Há previsão de continuidade do Projeto?
Um novo módulo, com outras unidades escolares de diferentes regiões geográficas do município está previsto para iniciar no segundo semestre deste ano, e o canal permanente de diálogo entre a PTCIJ/MPRJ e as crianças e adolescentes segue aberto com todos os participantes do primeiro módulo. A iniciativa é pioneira e foi selecionada para concorrer na 20ª Edição do Prêmio Innovare. A experiência tem trazido grande satisfação a todos os envolvidos, por ver que o projeto vem servindo para dar voz a inúmeras crianças e adolescentes, estimulando-as a desenvolver potenciais adormecidos e municiando-as de informações para exercitar plenamente os próprios direitos.

O que ainda é necessário fazer para obtermos uma cidadania plena no que se refere às crianças e jovens em Campos?
O trabalho na área da infância envolve esforços de diversos integrantes de uma grande rede de proteção aos direitos previstos no ECA. O Ministério Público, junto com o poder judiciário, conselhos tutelares, gestores públicos da assistência social, saúde, educação, CREAS, CRAS, professores e tantos outros, são apenas mais um componente desse enredo.
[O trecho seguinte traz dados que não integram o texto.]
(* Let $\Sigma_1$ and $\Sigma_2$ be connected graphs (multiple edges allowed, no loops) with $n$ vertices each containing exactly one cycle. If $\overline{\Sigma_1^*}\cong\overline{\Sigma_2^*}$, then either $\Sigma_1\cong\Sigma_2$, or $\{\Sigma_1,\Sigma_2\}$ is one of the following two pairs of graphs on vertices $a,b,c,d$: (i) the graph with a double edge $ab$ and edges $ac$, $ad$, together with the graph consisting of a triangle $abc$ and the edge $cd$; (ii) the graph with a double edge $ab$ and edges $ac$, $bd$, together with the 4-cycle $abcd$.
   Context: A cycle may consist of two vertices joined by two parallel edges. For such a graph $\Sigma$, the dual graph $\Sigma^*$ has as vertices the edges of $\Sigma$; two vertices are joined by an edge if the corresponding edges have a common endpoint, except that if two edges of $\Sigma$ form a cycle (i.e., are parallel edges), the corresponding vertices of $\Sigma^*$ are joined by a dotted edge. $\overline{\Sigma^*}$ denotes $\Sigma^*$ with the dotted edge removed (if there is one), and $\overline{\Sigma^*}=\Sigma^*$ otherwise. *)

theory Defs
  imports Main
begin

text \<open>Parallel edges are distinct edges e, e' with I e = I e'.\<close>

definition multigraph :: "'v set \<Rightarrow> 'e set \<Rightarrow> ('e \<Rightarrow> 'v set) \<Rightarrow> bool" where
  "multigraph V E I \<longleftrightarrow> finite V \<and> finite E \<and> (\<forall>e\<in>E. I e \<subseteq> V \<and> card (I e) = 2)"

definition adj_rel :: "'e set \<Rightarrow> ('e \<Rightarrow> 'v set) \<Rightarrow> ('v \<times> 'v) set" where
  "adj_rel E I = {(u, v). \<exists>e\<in>E. I e = {u, v}}"

definition mg_connected :: "'v set \<Rightarrow> 'e set \<Rightarrow> ('e \<Rightarrow> 'v set) \<Rightarrow> bool" where
  "mg_connected V E I \<longleftrightarrow> (\<forall>u\<in>V. \<forall>v\<in>V. (u, v) \<in> (adj_rel E I)\<^sup>*)"

text \<open>A cycle (as a subgraph, given by its edge set): a nonempty set C of edges whose
  spanned subgraph is connected and in which every vertex has degree exactly 2.
  Two parallel edges form a cycle of length 2.\<close>

definition is_cycle :: "'e set \<Rightarrow> ('e \<Rightarrow> 'v set) \<Rightarrow> 'e set \<Rightarrow> bool" where
  "is_cycle E I C \<longleftrightarrow> C \<subseteq> E \<and> C \<noteq> {} \<and>
     mg_connected (\<Union>(I ` C)) C I \<and>
     (\<forall>v\<in>\<Union>(I ` C). card {e\<in>C. v \<in> I e} = 2)"

definition unique_cycle :: "'e set \<Rightarrow> ('e \<Rightarrow> 'v set) \<Rightarrow> bool" where
  "unique_cycle E I \<longleftrightarrow> (\<exists>!C. is_cycle E I C)"

text \<open>Adjacency in the dual graph with the dotted edge removed: distinct edges with a
  common endpoint which are not parallel.\<close>

definition dual_bar_adj :: "('e \<Rightarrow> 'v set) \<Rightarrow> 'e \<Rightarrow> 'e \<Rightarrow> bool" where
  "dual_bar_adj I e e' \<longleftrightarrow> e \<noteq> e' \<and> I e \<inter> I e' \<noteq> {} \<and> I e \<noteq> I e'"

definition dual_bar_iso :: "'e1 set \<Rightarrow> ('e1 \<Rightarrow> 'v1 set) \<Rightarrow> 'e2 set \<Rightarrow> ('e2 \<Rightarrow> 'v2 set) \<Rightarrow> bool" where
  "dual_bar_iso E1 I1 E2 I2 \<longleftrightarrow> (\<exists>g. bij_betw g E1 E2 \<and>
     (\<forall>e\<in>E1. \<forall>e'\<in>E1. dual_bar_adj I1 e e' \<longleftrightarrow> dual_bar_adj I2 (g e) (g e')))"

definition mg_iso :: "'v1 set \<Rightarrow> 'e1 set \<Rightarrow> ('e1 \<Rightarrow> 'v1 set) \<Rightarrow>
                      'v2 set \<Rightarrow> 'e2 set \<Rightarrow> ('e2 \<Rightarrow> 'v2 set) \<Rightarrow> bool" where
  "mg_iso V1 E1 I1 V2 E2 I2 \<longleftrightarrow> (\<exists>f g. bij_betw f V1 V2 \<and> bij_betw g E1 E2 \<and>
     (\<forall>e\<in>E1. I2 (g e) = f ` I1 e))"

text \<open>The exceptional graphs, on vertices a,b,c,d = 0,1,2,3 with edges 0,1,2,3.\<close>

definition exV :: "nat set" where "exV = {0, 1, 2, 3}"
definition exE :: "nat set" where "exE = {0, 1, 2, 3}"

definition exA1 :: "nat \<Rightarrow> nat set" where
  "exA1 e = (if e = 0 then {0, 1} else if e = 1 then {0, 1} else if e = 2 then {0, 2} else {0, 3})"
definition exB1 :: "nat \<Rightarrow> nat set" where
  "exB1 e = (if e = 0 then {0, 1} else if e = 1 then {1, 2} else if e = 2 then {0, 2} else {2, 3})"
definition exA2 :: "nat \<Rightarrow> nat set" where
  "exA2 e = (if e = 0 then {0, 1} else if e = 1 then {0, 1} else if e = 2 then {0, 2} else {1, 3})"
definition exB2 :: "nat \<Rightarrow> nat set" where
  "exB2 e = (if e = 0 then {0, 1} else if e = 1 then {1, 2} else if e = 2 then {2, 3} else {3, 0})"

end

theory Submission
  imports Defs
begin

(* For n >= 3 and n ~= 4 we follow Whitney's proof for line graphs: the isomorphism g of the
   duals maps every star onto a star. Two distinct edges are parallel iff they are non-adjacent
   twins in the dual (disjoint twins force n = 4), so g preserves parallelism and hence the
   relation of sharing an endpoint. Three edges at a vertex cannot be sent to a triangle: the
   triangle would be the unique cycle, so every other edge meets none or two of its edges,
   whereas some edge leaving the four vertices of the claw meets one or three claw edges.
   A Helly property of 2-sets then puts the image of every star into a star. A star contained
   in no other star is mapped onto a star (apply the same to the inverse of g); a star contained
   in another one is a class of parallel edges, and its image is the star at an endpoint of the
   image edge. For n = 2 there is nothing to do, and the five unicyclic multigraphs on four
   vertices are told apart by the number of dual vertices adjacent to all others (2, 2, 1, 0, 0),
   which leaves exactly the two exceptional pairs. *)

section \<open>Stars, 2-sets and short cycles\<close>

definition star :: "'e set \<Rightarrow> ('e \<Rightarrow> 'v set) \<Rightarrow> 'v \<Rightarrow> 'e set" where
  "star E I v = {e\<in>E. v \<in> I e}"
O pleno exercício desses direitos, sem dúvida, depende de uma rede municipal bem articulada, fortalecida e consciente da importância de seu papel, que funcione como uma verdadeira engrenagem harmoniosa em busca de criar fluxos e serviços que possam viabilizar, na prática, o desenvolvimento integral das potencialidades latentes na fase juvenil. Esse tem sido o nosso grande desafio à frente da Promotoria de Tutela Coletiva da Infância em Campos, que vem se refletindo no esforço contínuo de adotar providencias, como, por exemplo, do projeto Infância em Ação, para fomentar a articulação entre os muitos atores imbuídos da tarefa de defender os direitos infanto-juvenis e propiciar desde cedo a compreensão da importância e significado do exercício da cidadania às crianças e adolescentes.